12 September 2011
Traveling is good, but it ruins you for home. I fell so in love with Taiwan that I started missing it even when just packing my bags to return to the States. The people, the way of life, the constant excitement of learning a new language, the food, the fruit... So you can be sure that the first thing I did after stepping foot on US soil was to persuade my dad, who had come to pick me up, to swing by a 99 Ranch Market on the way home to Santa Barbara so I could search for some comforts.
No lychee-flavored beer to be found, alas, and after the traditional produce markets of Kaohsiung, that LA supermarket was a sad place to be. However, I totally brightened up when I spotted big, beautiful bunches of kōng xīn cài (空心菜). The familiar stalks and leaves gave me a glimmer of hope that yes, in the midst of this reverse-culture shock, life will be okay, I can get through this, all is well.
Meet kōng xīn cài (空 心菜), or "water spinach," as it's known in English. This will quickly become one of your new favorite vegetables, if it isn't one already. What struck me first about these greens is that the stem is hollow, thus the very appropriate Chinese name literally meaning "hollow heart vegetable." The novelty of the stems intrigued me, and while living in Taiwan this past summer, I kept getting drawn to these veggies over and over again--the sauteed leaves so soft and succulent, the textural contrast of the tender, crunchy hollow stems, and the delicious flavor of greens and garlic all had me hooked.
And thanks to some tips from a couple of Taiwanese American friends who were in Kaohsiung with me, I have been able to recreate the yummy dish of kōng xīn cài cooked right here at home!

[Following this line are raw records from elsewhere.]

(* Let $0<\delta<1/4$, $K_3>K_2>K_1>1$, $p\in(0,1/2]$, and let $\epsilon\in(0,c(p)]$ for a suitable function $c(p)>0$. There exist $\lambda=\lambda(p,\epsilon)\in(0,1/3)$, $\gamma=\gamma(p,\epsilon)\in(0,1)$ and $n_0=n_0(p,\epsilon)$ such that the following holds. Let $n\ge n_0$, $1\le N\le\binom{n}{\lfloor pn\rfloor}\exp(-\epsilon n)$, let $\mathcal{A}$ be $(N,n,K_1,K_2,K_3,\delta)$-admissible, let $f\in\ell_1(\mathbb{Z})$ be nonnegative with $\|f\|_1=1$, let $L\ge1$ and $R=\gamma L$, and let integers $\ell\in[(1-\gamma)n,n]$ and $s\in[p\ell-\gamma\ell,p\ell+\gamma\ell]$. Then for every fixed $(X_1,\dots,X_n)\in\mathcal{A}$, if $\|f_{\mathcal{A},s,\ell}\|_\infty\ge L(N\sqrt{n})^{-1}$, there exists $t\in\mathbb{Z}$ with $f_{\mathcal{A},s,\ell}(t)\ge L(N\sqrt{n})^{-1}$ whose averaging sequence $(t_i)_{i=0}^\ell$ and step record $(w_i)_{i=1}^\ell$ satisfy \[\#\{i\in[\ell] : \text{step } i \text{ is } \lambda\text{-robust and step } i \text{ is not an } R\text{-drop}\}\ge\gamma n.\]
   Context: Admissible sets: for integers $N,n\ge1$ and reals $0<\delta<1/4$, $K_3>K_2>K_1>1$, a set $\mathcal{A}\subseteq\mathbb{Z}^n$ is $(N,n,K_1,K_2,K_3,\delta)$-admissible if: $\mathcal{A}=A_1\times\cdots\times A_n$ with each $A_i\subseteq\mathbb{Z}$; $|A_1|\cdots|A_n|\le(K_3N)^n$; $\max_i\max\{|a|:a\in A_i\}\le nN$; $A_i$ is an integer interval of size at least $2N+1$ for $i>2\delta n$; and either (P1),(P2) or (Q1),(Q2) hold, where (P1): for $i\le\delta n$, $A_{2i}$ is an integer interval of size at least $2N+1$ contained in $[-K_1N,K_1N]$; (P2): for $i\le\delta n$, $A_{2i-1}$ is symmetric about $0$, is a union of two integer intervals of total size at least $2N$, and $A_{2i-1}\cap[-K_2N,K_2N]=\emptyset$; (Q1): for $i\le\delta n$, $A_{2i}$ is an integer interval of size at least $2N+1$ contained in $[K_1N,K_2N]$; (Q2): for $i\le\delta n$, $A_{2i-1}$ is an integer interval of size at least $2N+1$ contained in $[-K_2N,-K_1N]$. Averages: for fixed $(X_1,\dots,X_n)$, $f:\mathbb{Z}\to\mathbb{R}$ and integers $0\le s\le\ell\le n$, $f_{\mathcal{A},s,\ell}(t)=\binom{\ell}{s}^{-1}\sum_{v\in\{0,1\}^\ell_s}f(t+v_1X_1+\cdots+v_\ell X_\ell)$, where $\{0,1\}^\ell_s$ is the set of $0/1$ vectors of length $\ell$ with sum $s$; by convention $f_{\mathcal{A},s,\ell}\equiv 0$ if $s<0$ or $s>\ell$. One has $f_{\mathcal{A},s,\ell}(t)=(1-s/\ell)f_{\mathcal{A},s,\ell-1}(t)+(s/\ell)f_{\mathcal{A},s-1,\ell-1}(t+X_\ell)$. Step record and averaging sequence of $t$ (given $f,\mathcal{A},s,\ell$ and $X$): set $t_\ell=t$, $s_\ell = s$. Recursively for $i=\ell,\ell-1,\dots,1$, with $h_i=f_{\mathcal{A},s_i,i}(t_i)$: set $w_i=0$ if $1-s_i/i>0$ and $f_{\mathcal{A},s_i,i-1}(t_i)\ge h_i$, and otherwise $w_i=1$ (then $s_i/i>0$ and $f_{\mathcal{A},s_i-1,i-1}(t_i+X_i)\ge h_i$); set $t_{i-1}=t_i+w_iX_i$ and $s_{i-1}=s_i-w_i$. Let $W_i=\sum_{j=1}^i w_j$ (so $W_i = s_i$) and $\overline{W}_i=W_i/i$. Step $i$ is $\lambda$-robust if $\overline{W}_i\in(\lambda,1-\lambda)$. There is an $R$-drop at step $i$ if $f_{\mathcal{A},W_i-y,i-1}(t_{i-1}+zX_i)\le R/(N\sqrt{n})$ for all $y\in\{0,1\}$ and $z\in\{-1,1\}$. *)

theory Defs
  imports "HOL-Analysis.Analysis"
begin

definition int_interval_size_ge :: "int set \<Rightarrow> int \<Rightarrow> bool" where
  "int_interval_size_ge B m \<longleftrightarrow> (\<exists>a b. B = {a..b} \<and> b - a + 1 \<ge> m)"

(* A = A_1 x ... x A_n represented by the factor family A i, i \<in> {1..n} *)
definition admissible ::
  "nat \<Rightarrow> nat \<Rightarrow> real \<Rightarrow> real \<Rightarrow> real \<Rightarrow> real \<Rightarrow> (nat \<Rightarrow> int set) \<Rightarrow> bool" where
  "admissible N n K1 K2 K3 \<delta> A \<longleftrightarrow>
     (\<Prod>i\<in>{1..n}. real (card (A i))) \<le> (K3 * real N) ^ n
   \<and> (\<forall>i\<in>{1..n}. \<forall>a\<in>A i. \<bar>a\<bar> \<le> int n * int N)
   \<and> (\<forall>i\<in>{1..n}. real i > 2 * \<delta> * real n \<longrightarrow> int_interval_size_ge (A i) (2 * int N + 1))
   \<and> ( ( (\<forall>i. 1 \<le> i \<and> real i \<le> \<delta> * real n \<longrightarrow>
              int_interval_size_ge (A (2*i)) (2 * int N + 1) \<and>
              (\<forall>a\<in>A (2*i). - K1 * real N \<le> real_of_int a \<and> real_of_int a \<le> K1 * real N))
         \<and> (\<forall>i. 1 \<le> i \<and> real i \<le> \<delta> * real n \<longrightarrow>
              (\<forall>a. a \<in> A (2*i-1) \<longleftrightarrow> - a \<in> A (2*i-1)) \<and>
              (\<exists>a b c d. A (2*i-1) = {a..b} \<union> {c..d} \<and> card (A (2*i-1)) \<ge> 2 * N) \<and>
              (\<forall>a\<in>A (2*i-1). \<not> (- K2 * real N \<le> real_of_int a \<and> real_of_int a \<le> K2 * real N))))
       \<or> ( (\<forall>i. 1 \<le> i \<and> real i \<le> \<delta> * real n \<longrightarrow>
              int_interval_size_ge (A (2*i)) (2 * int N + 1) \<and>
              (\<forall>a\<in>A (2*i). K1 * real N \<le> real_of_int a \<and> real_of_int a \<le> K2 * real N))
         \<and> (\<forall>i. 1 \<le> i \<and> real i \<le> \<delta> * real n \<longrightarrow>
              int_interval_size_ge (A (2*i-1)) (2 * int N + 1) \<and>
              (\<forall>a\<in>A (2*i-1). - K2 * real N \<le> real_of_int a \<and> real_of_int a \<le> - K1 * real N))))"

I'm so excited, I've got to share it with you all too.
Garlic-braised kōng xīn cài (空心菜)
1 lb. kōng xīn cài (空心菜)
1 Tbs. vegetable oil
3 cloves garlic, smashed and roughly chopped
salt to taste
1 Tbs. Chinese rice wine
Wash kōng xīn cài and shake lightly (no need to dry thoroughly). Trim and discard the brown tips from the bottom of the stems, then, keeping the bunch together, cut kōng xīn cài into 2 to 3-inch long pieces.
Heat the vegetable oil in a large non-stick pan or seasoned wok over medium-high heat. When oil is hot, add garlic and cook for a few seconds, being careful not to brown the garlic, then add stems of kōng xīn cài and cook for a few minutes, stirring to coat stems with oil and garlic. Add leafy tops, sprinkle with salt, and then add 1/4 cup water to the pan. Continue cooking over medium-high heat, tossing vegetables frequently, until leaves are wilted but still bright green.
To finish, add a splash of Chinese rice wine and then adjust seasoning with a little more salt as desired. Serve warm.